__Work task__: The answer must be every line of the records below that contains the word "finally", copied out.

[Saved data entries]
——————————

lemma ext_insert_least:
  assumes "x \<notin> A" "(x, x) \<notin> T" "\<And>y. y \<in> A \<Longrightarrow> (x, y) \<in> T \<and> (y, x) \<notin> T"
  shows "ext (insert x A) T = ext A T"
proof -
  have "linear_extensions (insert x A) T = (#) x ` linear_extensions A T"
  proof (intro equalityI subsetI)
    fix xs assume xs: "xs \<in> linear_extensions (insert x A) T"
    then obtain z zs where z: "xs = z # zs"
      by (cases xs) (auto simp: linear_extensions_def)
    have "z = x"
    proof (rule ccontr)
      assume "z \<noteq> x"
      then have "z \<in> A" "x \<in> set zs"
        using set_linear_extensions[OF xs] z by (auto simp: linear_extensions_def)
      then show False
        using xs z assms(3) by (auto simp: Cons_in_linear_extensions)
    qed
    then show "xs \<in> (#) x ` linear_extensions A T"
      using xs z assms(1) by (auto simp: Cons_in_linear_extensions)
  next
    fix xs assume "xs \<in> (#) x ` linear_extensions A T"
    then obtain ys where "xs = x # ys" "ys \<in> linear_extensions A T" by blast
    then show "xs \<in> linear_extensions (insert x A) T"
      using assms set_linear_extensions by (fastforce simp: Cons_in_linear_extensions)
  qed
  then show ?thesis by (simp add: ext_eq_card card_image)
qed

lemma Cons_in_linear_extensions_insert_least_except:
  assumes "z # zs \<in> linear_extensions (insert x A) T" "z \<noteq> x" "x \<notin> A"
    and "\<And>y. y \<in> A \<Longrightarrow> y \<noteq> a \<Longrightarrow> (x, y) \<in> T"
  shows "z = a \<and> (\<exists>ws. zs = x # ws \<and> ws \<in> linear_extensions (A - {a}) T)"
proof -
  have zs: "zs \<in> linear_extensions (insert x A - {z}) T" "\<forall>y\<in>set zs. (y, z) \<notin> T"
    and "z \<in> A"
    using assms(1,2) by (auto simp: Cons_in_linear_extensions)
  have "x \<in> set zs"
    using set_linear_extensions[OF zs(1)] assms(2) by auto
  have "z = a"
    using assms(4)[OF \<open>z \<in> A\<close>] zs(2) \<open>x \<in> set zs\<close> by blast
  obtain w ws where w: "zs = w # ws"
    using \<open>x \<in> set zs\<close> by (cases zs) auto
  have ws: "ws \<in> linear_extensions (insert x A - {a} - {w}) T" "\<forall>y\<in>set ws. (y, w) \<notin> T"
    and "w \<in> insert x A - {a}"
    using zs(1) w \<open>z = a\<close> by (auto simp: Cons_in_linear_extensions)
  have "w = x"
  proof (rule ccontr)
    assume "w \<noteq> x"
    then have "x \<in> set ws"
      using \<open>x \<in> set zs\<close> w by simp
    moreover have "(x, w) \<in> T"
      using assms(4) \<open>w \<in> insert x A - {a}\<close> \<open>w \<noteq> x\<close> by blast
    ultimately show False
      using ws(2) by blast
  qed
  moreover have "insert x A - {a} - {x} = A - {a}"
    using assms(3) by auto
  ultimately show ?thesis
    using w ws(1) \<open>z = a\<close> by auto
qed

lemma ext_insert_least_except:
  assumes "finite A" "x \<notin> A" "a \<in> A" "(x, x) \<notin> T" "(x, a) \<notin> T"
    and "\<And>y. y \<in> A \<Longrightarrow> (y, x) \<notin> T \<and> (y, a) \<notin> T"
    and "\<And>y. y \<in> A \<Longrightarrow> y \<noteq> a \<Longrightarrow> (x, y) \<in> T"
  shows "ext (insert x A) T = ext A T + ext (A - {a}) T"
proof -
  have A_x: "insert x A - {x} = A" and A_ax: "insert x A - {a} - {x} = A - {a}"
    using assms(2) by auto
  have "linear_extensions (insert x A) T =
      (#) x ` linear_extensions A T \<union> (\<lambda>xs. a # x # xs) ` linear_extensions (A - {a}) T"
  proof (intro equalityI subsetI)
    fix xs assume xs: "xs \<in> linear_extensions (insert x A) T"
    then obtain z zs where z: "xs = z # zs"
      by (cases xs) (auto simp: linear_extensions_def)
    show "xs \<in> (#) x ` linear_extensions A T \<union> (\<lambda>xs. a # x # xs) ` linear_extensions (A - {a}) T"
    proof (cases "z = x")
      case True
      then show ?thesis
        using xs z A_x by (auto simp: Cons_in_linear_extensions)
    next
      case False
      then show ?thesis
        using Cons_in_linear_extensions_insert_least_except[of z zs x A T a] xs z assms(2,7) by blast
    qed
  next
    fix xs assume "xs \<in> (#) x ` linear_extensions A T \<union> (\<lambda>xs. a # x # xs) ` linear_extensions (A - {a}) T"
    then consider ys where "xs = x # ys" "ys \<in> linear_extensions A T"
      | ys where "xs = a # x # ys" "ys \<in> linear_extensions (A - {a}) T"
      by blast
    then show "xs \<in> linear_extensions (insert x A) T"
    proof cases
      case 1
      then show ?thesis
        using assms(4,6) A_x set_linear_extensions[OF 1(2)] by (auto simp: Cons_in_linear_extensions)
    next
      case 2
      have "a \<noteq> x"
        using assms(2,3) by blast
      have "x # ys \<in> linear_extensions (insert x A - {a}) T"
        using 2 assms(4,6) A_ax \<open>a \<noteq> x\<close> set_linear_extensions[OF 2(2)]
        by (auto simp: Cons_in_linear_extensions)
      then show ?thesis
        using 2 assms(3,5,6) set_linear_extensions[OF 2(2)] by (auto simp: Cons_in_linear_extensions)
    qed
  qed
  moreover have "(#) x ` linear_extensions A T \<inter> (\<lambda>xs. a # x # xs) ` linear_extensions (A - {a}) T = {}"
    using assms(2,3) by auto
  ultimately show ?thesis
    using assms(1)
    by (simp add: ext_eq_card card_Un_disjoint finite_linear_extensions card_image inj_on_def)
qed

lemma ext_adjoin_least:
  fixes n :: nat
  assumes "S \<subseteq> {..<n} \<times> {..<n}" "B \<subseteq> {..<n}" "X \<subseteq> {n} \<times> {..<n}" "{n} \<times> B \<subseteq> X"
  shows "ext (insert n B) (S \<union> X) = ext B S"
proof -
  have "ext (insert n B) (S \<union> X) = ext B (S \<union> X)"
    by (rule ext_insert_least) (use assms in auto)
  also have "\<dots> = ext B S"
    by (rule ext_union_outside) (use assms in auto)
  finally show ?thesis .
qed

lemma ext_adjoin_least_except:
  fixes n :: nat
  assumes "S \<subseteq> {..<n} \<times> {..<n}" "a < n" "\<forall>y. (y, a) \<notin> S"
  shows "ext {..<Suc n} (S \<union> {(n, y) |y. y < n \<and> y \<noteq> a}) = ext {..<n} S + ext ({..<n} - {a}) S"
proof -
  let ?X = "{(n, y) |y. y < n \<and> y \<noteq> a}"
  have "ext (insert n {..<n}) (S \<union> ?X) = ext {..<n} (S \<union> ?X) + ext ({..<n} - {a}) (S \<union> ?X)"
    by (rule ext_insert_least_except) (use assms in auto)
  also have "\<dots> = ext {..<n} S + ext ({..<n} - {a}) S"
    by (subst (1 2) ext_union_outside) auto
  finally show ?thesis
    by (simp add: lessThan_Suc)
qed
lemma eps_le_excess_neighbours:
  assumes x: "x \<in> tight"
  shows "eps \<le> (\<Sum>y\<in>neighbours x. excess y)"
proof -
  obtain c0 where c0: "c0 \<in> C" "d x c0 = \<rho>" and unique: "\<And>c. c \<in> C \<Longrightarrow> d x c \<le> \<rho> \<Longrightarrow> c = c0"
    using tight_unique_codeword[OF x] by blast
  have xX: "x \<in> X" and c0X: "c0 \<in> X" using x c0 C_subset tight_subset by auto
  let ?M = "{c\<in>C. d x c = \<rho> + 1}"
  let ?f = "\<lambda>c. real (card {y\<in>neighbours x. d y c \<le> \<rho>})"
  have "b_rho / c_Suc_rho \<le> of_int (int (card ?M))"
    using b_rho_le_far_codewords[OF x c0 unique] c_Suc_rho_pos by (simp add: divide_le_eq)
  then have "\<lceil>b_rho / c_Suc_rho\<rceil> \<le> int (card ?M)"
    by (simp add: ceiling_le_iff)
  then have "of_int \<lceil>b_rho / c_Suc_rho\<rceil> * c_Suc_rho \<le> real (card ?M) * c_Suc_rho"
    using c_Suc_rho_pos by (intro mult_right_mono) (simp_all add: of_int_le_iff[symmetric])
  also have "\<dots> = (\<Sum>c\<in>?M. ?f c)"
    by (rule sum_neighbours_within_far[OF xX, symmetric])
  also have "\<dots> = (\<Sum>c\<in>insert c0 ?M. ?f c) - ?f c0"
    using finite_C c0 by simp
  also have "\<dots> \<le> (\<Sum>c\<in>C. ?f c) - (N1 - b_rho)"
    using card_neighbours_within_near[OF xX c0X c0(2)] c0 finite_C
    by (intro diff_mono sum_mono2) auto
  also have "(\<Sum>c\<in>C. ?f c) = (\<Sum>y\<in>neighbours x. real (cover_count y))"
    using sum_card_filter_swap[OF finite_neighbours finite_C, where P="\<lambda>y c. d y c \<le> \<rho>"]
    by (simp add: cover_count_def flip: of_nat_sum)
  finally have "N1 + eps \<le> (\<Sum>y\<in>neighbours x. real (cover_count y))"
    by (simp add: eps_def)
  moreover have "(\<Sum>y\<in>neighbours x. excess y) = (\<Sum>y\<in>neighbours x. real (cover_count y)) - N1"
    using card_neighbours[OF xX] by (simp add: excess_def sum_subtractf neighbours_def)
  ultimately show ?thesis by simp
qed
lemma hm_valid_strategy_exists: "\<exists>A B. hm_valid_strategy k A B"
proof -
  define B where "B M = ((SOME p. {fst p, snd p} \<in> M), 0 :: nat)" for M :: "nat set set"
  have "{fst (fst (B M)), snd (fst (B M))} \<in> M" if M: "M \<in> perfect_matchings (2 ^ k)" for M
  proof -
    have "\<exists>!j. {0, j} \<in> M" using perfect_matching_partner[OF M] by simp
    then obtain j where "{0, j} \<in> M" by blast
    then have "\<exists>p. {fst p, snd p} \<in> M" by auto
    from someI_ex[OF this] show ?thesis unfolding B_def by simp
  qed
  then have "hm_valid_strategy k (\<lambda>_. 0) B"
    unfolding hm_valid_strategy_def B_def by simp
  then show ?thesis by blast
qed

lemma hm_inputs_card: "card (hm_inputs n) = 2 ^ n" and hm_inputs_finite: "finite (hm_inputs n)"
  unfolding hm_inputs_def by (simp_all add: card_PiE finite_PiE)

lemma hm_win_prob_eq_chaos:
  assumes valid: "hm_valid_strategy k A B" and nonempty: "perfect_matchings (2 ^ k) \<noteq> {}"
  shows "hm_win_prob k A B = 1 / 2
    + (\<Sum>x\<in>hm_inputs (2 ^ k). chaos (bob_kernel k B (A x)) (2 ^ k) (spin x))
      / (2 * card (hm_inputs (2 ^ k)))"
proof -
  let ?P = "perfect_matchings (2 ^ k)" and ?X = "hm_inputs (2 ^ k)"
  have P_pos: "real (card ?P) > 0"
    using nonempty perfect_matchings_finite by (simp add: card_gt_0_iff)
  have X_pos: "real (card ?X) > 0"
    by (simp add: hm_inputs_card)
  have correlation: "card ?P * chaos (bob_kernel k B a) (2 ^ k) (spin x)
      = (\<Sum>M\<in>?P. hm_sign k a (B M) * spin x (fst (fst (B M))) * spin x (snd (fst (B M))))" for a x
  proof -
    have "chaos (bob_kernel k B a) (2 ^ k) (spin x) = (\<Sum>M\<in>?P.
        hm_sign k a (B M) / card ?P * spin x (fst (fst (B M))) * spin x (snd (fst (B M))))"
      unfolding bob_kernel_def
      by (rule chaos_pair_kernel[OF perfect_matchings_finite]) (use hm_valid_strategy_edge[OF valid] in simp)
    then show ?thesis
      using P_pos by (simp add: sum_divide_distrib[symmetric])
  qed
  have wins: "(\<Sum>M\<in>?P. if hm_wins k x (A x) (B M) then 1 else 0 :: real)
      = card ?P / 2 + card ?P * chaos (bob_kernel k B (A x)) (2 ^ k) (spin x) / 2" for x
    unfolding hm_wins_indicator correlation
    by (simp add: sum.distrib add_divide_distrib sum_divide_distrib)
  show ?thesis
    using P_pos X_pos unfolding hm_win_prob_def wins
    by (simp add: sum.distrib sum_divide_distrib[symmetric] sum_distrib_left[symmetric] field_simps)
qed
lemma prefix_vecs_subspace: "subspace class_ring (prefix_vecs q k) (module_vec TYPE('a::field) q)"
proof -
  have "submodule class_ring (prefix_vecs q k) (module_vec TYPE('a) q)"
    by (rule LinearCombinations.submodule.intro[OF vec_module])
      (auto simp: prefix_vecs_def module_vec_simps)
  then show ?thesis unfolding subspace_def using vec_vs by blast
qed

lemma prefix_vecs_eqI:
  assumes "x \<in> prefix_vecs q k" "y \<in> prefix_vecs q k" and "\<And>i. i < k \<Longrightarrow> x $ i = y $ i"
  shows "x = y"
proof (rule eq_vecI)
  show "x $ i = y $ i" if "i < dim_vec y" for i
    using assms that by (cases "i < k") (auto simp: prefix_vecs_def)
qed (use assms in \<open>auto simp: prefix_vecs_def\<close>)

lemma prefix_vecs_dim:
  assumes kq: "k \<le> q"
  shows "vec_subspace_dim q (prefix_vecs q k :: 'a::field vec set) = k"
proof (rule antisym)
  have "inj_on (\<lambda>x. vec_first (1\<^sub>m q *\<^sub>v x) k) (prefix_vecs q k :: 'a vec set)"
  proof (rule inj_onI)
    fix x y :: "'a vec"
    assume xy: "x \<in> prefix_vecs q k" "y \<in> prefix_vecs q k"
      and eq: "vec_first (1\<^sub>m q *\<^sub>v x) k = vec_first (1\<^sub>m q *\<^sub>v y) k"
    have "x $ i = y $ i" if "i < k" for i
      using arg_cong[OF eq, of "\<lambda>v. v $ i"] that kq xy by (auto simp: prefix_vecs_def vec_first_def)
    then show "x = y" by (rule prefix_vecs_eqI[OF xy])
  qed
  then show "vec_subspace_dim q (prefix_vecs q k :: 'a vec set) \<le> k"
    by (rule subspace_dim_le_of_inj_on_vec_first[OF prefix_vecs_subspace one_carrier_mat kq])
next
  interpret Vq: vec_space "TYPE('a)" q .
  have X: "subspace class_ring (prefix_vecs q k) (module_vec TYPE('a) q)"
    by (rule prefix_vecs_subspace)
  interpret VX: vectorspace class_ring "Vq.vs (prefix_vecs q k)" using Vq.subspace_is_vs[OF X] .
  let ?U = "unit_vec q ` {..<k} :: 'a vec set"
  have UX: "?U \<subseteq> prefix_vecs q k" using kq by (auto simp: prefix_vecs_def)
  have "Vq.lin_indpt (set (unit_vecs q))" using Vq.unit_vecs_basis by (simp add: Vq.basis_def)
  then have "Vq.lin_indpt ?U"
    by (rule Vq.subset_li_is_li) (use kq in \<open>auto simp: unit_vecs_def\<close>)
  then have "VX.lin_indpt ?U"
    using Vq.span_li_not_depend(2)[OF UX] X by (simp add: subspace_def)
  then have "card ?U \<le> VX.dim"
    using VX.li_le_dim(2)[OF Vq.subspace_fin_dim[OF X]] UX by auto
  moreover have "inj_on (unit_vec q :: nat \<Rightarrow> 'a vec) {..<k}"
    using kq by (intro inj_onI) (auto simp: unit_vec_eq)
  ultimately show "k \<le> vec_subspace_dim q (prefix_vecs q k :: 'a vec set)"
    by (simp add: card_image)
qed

——————————

__Reply__:
  finally show ?thesis .
  finally show ?thesis
  finally have "N1 + eps \<le> (\<Sum>y\<in>neighbours x. real (cover_count y))"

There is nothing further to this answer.